By Bethany Hengsbach

An often-overlooked provision in the financial reform legislation now before Congress would allow employee whistleblowers to receive a reward of up to 30% of the fines collected by the U.S. Securities and Exchange Commission (“SEC”) and the U.S. Department of Justice (“DOJ”) from corporations who violate the Foreign Corrupt Practices Act (“FCPA”). We have reported in this blog on several occasions the increase in FCPA enforcement by the government in recent years. The passage of a bill containing this proposed whistleblower provision could lead to even more government enforcement, as well as multi-million dollar awards to whistleblowers.

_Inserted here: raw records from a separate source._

text \<open>
  Let \<open>F(y) = \<integral> p(\<mu>) exp(-|\<mu> - y|) d\<mu>\<close> be the Laplace smoothing of the density of \<open>\<mu>\<close>.
  By Fubini and the symmetry of the Gaussian, \<open>L(\<sigma>) = E F(\<sigma>Z)\<close>.  The function \<open>F\<close> is
  1-Lipschitz with \<open>F' = G\<close> and \<open>G' = F - 2p\<close>, so differentiating under the integral and
  Gaussian integration by parts (Stein's identity) give
  \<open>\<partial>\<^sub>\<sigma>L = \<sigma> (L(\<sigma>) - 2 E p(\<sigma>Z))\<close>.

  Strong log-concavity sandwiches \<open>p\<close> between two Gaussians sharing the slope
  \<open>d = (log p)'(0)\<close>.  The upper one gives \<open>E p(\<sigma>Z) \<le> p(0) exp((d\<sigma>)\<^sup>2/2)\<close>, which the
  normalisation of the lower one controls for small \<open>\<sigma>\<close>.  The lower one gives
  \<open>L(\<sigma>) \<ge> F(0)/5 \<ge> p(0) \<surd>(\<pi>/\<rho>) exp(d\<^sup>2/(8\<rho>))/5\<close> once \<open>d\<^sup>2 > 4\<close>; and \<open>d\<^sup>2 > 4\<close> is forced by
  the smallness of \<open>L\<close>, since for \<open>d\<^sup>2 \<le> 4\<close> the density would put too much mass near \<open>0\<close>.
\<close>

subsection \<open>Gaussian integrals\<close>

lemma has_bochner_integral_gaussian:
  fixes a b :: real
  assumes b: "0 < b"
  shows "has_bochner_integral lborel (\<lambda>x. exp (a * x - b * x\<^sup>2 / 2))
           (sqrt (2 * pi / b) * exp (a\<^sup>2 / (2 * b)))"
proof -
  define C where "C = sqrt (2 * pi / b) * exp (a\<^sup>2 / (2 * b))"
  have eq: "exp (a * x - b * x\<^sup>2 / 2) = C * normal_density (a / b) (1 / sqrt b) x" for x
  proof -
    have density: "normal_density (a / b) (1 / sqrt b) x
        = sqrt (b / (2 * pi)) * exp (- (x - a / b)\<^sup>2 * b / 2)"
      using b unfolding normal_density_def by (simp add: power_divide real_sqrt_divide)
    have square: "a * x - b * x\<^sup>2 / 2 = a\<^sup>2 / (2 * b) + (- (x - a / b)\<^sup>2 * b / 2)"
      using b by (simp add: field_simps power2_eq_square)
    have sqrt_inverse: "sqrt (2 * pi / b) * sqrt (b / (2 * pi)) = 1"
      using b by (simp add: real_sqrt_mult[symmetric])
    have "C * normal_density (a / b) (1 / sqrt b) x
        = (sqrt (2 * pi / b) * sqrt (b / (2 * pi)))
          * (exp (a\<^sup>2 / (2 * b)) * exp (- (x - a / b)\<^sup>2 * b / 2))"
      unfolding C_def density by (simp only: ac_simps)
    also have "\<dots> = exp (a * x - b * x\<^sup>2 / 2)"
      unfolding sqrt_inverse square exp_add by simp
    finally show ?thesis by simp
  qed
  have "has_bochner_integral lborel (normal_density (a / b) (1 / sqrt b)) 1"
    using b integrable_normal_density integral_normal_density
    by (simp add: has_bochner_integral_iff)
  then have "has_bochner_integral lborel (\<lambda>x. C * normal_density (a / b) (1 / sqrt b) x) (C * 1)"
    by (rule has_bochner_integral_mult_right)
  then show ?thesis by (simp add: eq C_def)
qed

lemma integrable_gaussian_bound:
  fixes g :: "real \<Rightarrow> real"
  assumes "g \<in> borel_measurable borel" and "0 < b"
    and "\<And>x. \<bar>g x\<bar> \<le> C * exp (a * x - b * x\<^sup>2 / 2)"
  shows "integrable lborel g"
proof (rule Bochner_Integration.integrable_bound)
  show "integrable lborel (\<lambda>x. C * exp (a * x - b * x\<^sup>2 / 2))"
    using has_bochner_integral_gaussian[OF \<open>0 < b\<close>, of a] by (simp add: has_bochner_integral_iff)
  show "AE x in lborel. norm (g x) \<le> norm (C * exp (a * x - b * x\<^sup>2 / 2))"
    using assms(3) by (auto intro: order_trans[OF _ abs_ge_self])
qed (use assms in simp)

lemma has_bochner_integral_std_normal_exp:
  "has_bochner_integral lborel (\<lambda>z. std_normal_density z * exp (c * z)) (exp (c\<^sup>2 / 2))"
proof -
  have "has_bochner_integral lborel (\<lambda>z. 1 / sqrt (2 * pi) * exp (c * z - 1 * z\<^sup>2 / 2))
      (1 / sqrt (2 * pi) * (sqrt (2 * pi / 1) * exp (c\<^sup>2 / (2 * 1))))"
    by (intro has_bochner_integral_mult_right has_bochner_integral_gaussian) simp
  moreover have "1 / sqrt (2 * pi) * exp (c * z - 1 * z\<^sup>2 / 2) = std_normal_density z * exp (c * z)"
    for z
  proof -
    have "exp (c * z - 1 * z\<^sup>2 / 2) = exp (- z\<^sup>2 / 2) * exp (c * z)"
      by (rule trans[OF _ exp_add]) simp
    then show ?thesis by (simp only: std_normal_density_def mult.assoc)
  qed
  ultimately show ?thesis by simp
qed

lemma integrable_std_normal_mult_bounded:
  fixes f :: "real \<Rightarrow> real"
  assumes "f \<in> borel_measurable borel" and "\<And>x. \<bar>f x\<bar> \<le> C"
  shows "integrable lborel (\<lambda>z. std_normal_density z * f z)"
proof (rule Bochner_Integration.integrable_bound
    [OF integrable_mult_right[OF integrable_normal_density[of 1 0], of C]])
  have "\<bar>f z\<bar> \<le> \<bar>C\<bar>" for z
    using assms(2)[of z] by linarith
  then show "AE z in lborel. norm (std_normal_density z * f z) \<le> norm (C * std_normal_density z)"
    by (auto intro!: AE_I2 mult_right_mono simp: abs_mult mult.commute)
  show "(\<lambda>z. std_normal_density z * f z) \<in> borel_measurable lborel"
    using assms(1) by measurable
qed simp

lemma DERIV_std_normal_density:
  "(std_normal_density has_real_derivative - z * std_normal_density z) (at z)"
  unfolding std_normal_density_def[abs_def]
  by (auto intro!: derivative_eq_intros simp: field_simps)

The legislation would require the SEC to award whistleblowers a percentage of the fines collected by the government in exchange for providing the SEC with “original information” regarding violations of the securities laws, including books and records violations under the FCPA. The proposed provision also extends the reward to actions taken by other prosecuting agencies based on the reported information, and thus would apply to actions initiated by the DOJ and foreign law enforcement agencies. “Original information” would be limited to information independently known to the whistleblower and not already known by the government or derived from material uncovered in existing investigations. The information must lead to a successful enforcement action or judicial proceeding as well as a recovery from the corporation. The Senate and House bills differ somewhat – for example, the Senate version includes a 10% minimum and 30% maximum award, while the House version provides for a 30% maximum but no minimum. However, it seems increasingly likely that some compromise version of the provision will be incorporated and approved by Congress.

If the False Claims Act and the tax whistleblower provisions contained in section 7623 of the Internal Revenue Code are any guide, this proposed provision could lead to a cottage industry in which plaintiffs’ law firms gladly jump at the chance to represent potential whistleblowers, guiding them through the process of turning over information to the SEC in the hopes of securing a lucrative reward once sanctions are brought against the corporation. At least theoretically, a whistleblower could come into a huge windfall based on the proposed formula. For example, if a whistleblower had been eligible for a 30% reward in the case of Siemens AG, which paid a grand total of $1.6 billion in monetary sanctions to the SEC, DOJ and the German government in 2008, the whistleblower would have been awarded $496 million.

While whistleblower provisions are nothing new, this proposed provision is particularly striking given the way in which FCPA allegations made by the government are typically resolved. Because the doctrine of respondeat superior makes corporations vicariously liable for crimes committed by employees at any level acting within the scope of their employment, corporate defendants find it increasingly difficult to defend themselves against allegations of FCPA-related misconduct. It is often more cost-effective, and more predictable, to settle an FCPA enforcement action, even though settled actions do not necessarily represent a triumph of the government’s position. Given this construct, the proposed provision could reward a whistleblower for uncovering conduct that may not have even violated the statute. To make matters worse, employees would be incentivized to work in secret, building a case against the corporation from the inside.

The proposed legislation must be analyzed in context. It comes amid a rash of staggering fines against corporations for FCPA violations, and prison terms for individuals guilty of violating the statute. A quick recap is instructive. The government has collected $1.2 billion in FCPA sanctions in just the first few months of 2010, after collecting $627 million in 2009. In March 2010 alone, BAE Systems, Innospec and Daimler AG announced sanctions of $400 million, $25.3 million, and $185 million, respectively. In January, 2010 the government charged 22 individuals with FCPA violations as part of a sting operation that spanned nearly two years, and relied heavily on the involvement of the FBI, as well as foreign law enforcement agencies. In April, 2010, a federal judge in Virginia handed down a prison sentence of 87 months for an FCPA violation, the longest-ever in FCPA history. The DOJ is said to currently have over 140 open FCPA investigations, including recent investigations reported by Avon and Hewlett Packard. Five companies announced possible FCPA settlements in the first quarter of 2010, including ABB (reserve of $850 million) and Alcatel-Lucent (reserve of $137.4 million).

Particularly against this backdrop, the proposed whistleblower provision underscores the need for corporations to implement and maintain rigorous FCPA compliance programs and a quick and thorough response to allegations of FCPA-related misconduct. If the whistleblower provision becomes law, the decision whether and when to self-report FCPA violations will become ever more complicated, and will add a new wrinkle to an already dangerous landscape.